**Problem to work on**
Search the listing below for the string "times" and show each line that contains it.

=== Dataset content ===

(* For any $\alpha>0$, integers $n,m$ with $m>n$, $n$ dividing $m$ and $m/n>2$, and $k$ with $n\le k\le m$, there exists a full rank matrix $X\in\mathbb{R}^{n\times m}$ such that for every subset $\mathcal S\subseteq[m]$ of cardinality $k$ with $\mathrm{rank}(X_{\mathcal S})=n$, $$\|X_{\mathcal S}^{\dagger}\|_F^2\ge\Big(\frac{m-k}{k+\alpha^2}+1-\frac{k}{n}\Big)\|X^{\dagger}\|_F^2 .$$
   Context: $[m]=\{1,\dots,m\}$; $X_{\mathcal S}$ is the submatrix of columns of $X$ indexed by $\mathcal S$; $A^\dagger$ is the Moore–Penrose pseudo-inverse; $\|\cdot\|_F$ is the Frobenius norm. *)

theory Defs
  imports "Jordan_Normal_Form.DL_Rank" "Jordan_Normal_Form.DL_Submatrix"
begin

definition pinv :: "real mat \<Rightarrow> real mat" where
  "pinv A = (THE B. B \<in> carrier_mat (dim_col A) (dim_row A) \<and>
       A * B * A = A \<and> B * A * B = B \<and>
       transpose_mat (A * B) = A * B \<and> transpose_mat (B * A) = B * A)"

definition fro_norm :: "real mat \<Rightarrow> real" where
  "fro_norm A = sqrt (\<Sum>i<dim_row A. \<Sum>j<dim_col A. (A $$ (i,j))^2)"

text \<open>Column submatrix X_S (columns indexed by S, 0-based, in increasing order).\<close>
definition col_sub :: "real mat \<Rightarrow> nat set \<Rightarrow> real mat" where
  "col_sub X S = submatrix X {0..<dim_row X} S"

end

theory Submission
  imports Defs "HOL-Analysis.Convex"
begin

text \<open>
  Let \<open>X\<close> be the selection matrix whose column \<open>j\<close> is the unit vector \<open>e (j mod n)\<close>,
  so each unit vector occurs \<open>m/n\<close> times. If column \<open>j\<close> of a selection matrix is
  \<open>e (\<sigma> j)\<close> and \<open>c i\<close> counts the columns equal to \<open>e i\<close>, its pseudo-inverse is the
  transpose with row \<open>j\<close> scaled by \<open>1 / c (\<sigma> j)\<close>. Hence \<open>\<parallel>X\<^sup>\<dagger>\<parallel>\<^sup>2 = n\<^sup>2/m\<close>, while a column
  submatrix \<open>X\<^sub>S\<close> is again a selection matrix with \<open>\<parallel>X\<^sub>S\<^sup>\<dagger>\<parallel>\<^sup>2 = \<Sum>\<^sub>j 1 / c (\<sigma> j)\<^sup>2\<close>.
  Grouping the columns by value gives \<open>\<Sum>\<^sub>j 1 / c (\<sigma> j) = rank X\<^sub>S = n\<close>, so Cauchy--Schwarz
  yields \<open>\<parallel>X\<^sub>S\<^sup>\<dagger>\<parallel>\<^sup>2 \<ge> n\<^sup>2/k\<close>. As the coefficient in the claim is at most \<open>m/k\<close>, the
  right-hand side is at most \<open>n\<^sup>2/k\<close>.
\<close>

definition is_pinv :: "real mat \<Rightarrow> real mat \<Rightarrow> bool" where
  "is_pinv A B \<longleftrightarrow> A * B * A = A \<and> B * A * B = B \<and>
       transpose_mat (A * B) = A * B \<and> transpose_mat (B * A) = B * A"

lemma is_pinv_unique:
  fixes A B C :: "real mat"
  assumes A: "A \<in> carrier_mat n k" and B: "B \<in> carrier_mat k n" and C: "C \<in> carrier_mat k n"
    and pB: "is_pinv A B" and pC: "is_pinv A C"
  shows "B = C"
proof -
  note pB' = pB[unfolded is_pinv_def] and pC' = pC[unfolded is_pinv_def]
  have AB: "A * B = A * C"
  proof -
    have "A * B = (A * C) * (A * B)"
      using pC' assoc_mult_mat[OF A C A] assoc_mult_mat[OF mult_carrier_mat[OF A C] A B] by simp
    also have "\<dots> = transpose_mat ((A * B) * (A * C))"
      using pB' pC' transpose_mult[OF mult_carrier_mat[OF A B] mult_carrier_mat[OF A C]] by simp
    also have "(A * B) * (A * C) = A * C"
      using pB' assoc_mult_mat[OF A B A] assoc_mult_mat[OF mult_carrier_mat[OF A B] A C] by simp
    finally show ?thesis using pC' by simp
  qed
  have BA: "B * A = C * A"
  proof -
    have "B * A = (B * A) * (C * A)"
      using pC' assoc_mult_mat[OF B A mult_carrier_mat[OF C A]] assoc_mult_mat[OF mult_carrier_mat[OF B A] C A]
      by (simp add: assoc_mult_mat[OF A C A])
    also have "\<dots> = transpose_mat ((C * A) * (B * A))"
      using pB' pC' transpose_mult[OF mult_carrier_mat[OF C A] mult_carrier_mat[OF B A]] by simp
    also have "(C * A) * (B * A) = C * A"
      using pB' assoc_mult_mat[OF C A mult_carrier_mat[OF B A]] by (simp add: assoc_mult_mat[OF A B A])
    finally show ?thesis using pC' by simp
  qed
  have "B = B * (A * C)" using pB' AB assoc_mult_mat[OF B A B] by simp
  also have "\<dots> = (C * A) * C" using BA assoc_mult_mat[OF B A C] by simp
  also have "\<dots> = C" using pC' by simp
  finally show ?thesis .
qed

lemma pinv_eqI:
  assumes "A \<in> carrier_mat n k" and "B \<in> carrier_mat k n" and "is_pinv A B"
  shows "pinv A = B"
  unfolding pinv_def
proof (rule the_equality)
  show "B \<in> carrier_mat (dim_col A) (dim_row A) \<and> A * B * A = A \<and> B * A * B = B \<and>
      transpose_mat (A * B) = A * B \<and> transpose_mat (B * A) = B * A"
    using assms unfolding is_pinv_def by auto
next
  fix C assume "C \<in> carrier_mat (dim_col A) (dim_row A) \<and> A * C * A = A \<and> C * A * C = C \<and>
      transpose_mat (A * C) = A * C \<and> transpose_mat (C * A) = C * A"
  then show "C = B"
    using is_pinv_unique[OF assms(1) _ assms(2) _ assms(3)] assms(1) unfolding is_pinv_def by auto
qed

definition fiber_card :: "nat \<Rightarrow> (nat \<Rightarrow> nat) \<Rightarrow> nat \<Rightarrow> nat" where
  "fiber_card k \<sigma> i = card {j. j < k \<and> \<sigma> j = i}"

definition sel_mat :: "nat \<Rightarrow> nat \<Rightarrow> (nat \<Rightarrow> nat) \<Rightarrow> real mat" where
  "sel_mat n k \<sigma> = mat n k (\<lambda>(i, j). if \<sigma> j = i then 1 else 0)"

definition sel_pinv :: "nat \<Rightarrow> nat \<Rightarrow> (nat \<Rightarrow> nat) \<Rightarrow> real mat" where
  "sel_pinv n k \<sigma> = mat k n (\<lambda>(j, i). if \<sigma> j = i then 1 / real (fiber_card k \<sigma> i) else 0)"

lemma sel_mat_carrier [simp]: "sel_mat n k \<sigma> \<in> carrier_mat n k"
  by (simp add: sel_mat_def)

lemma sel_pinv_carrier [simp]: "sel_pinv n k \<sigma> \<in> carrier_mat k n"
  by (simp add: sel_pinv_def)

===

**Finished exercise**
(* For any $\alpha>0$, integers $n,m$ with $m>n$, $n$ dividing $m$ and $m/n>2$, and $k$ with $n\le k\le m$, there exists a full rank matrix $X\in\mathbb{R}^{n\times m}$ such that for every subset $\mathcal S\subseteq[m]$ of cardinality $k$ with $\mathrm{rank}(X_{\mathcal S})=n$, $$\|X_{\mathcal S}^{\dagger}\|_F^2\ge\Big(\frac{m-k}{k+\alpha^2}+1-\frac{k}{n}\Big)\|X^{\dagger}\|_F^2 .$$
  so each unit vector occurs \<open>m/n\<close> times. If column \<open>j\<close> of a selection matrix is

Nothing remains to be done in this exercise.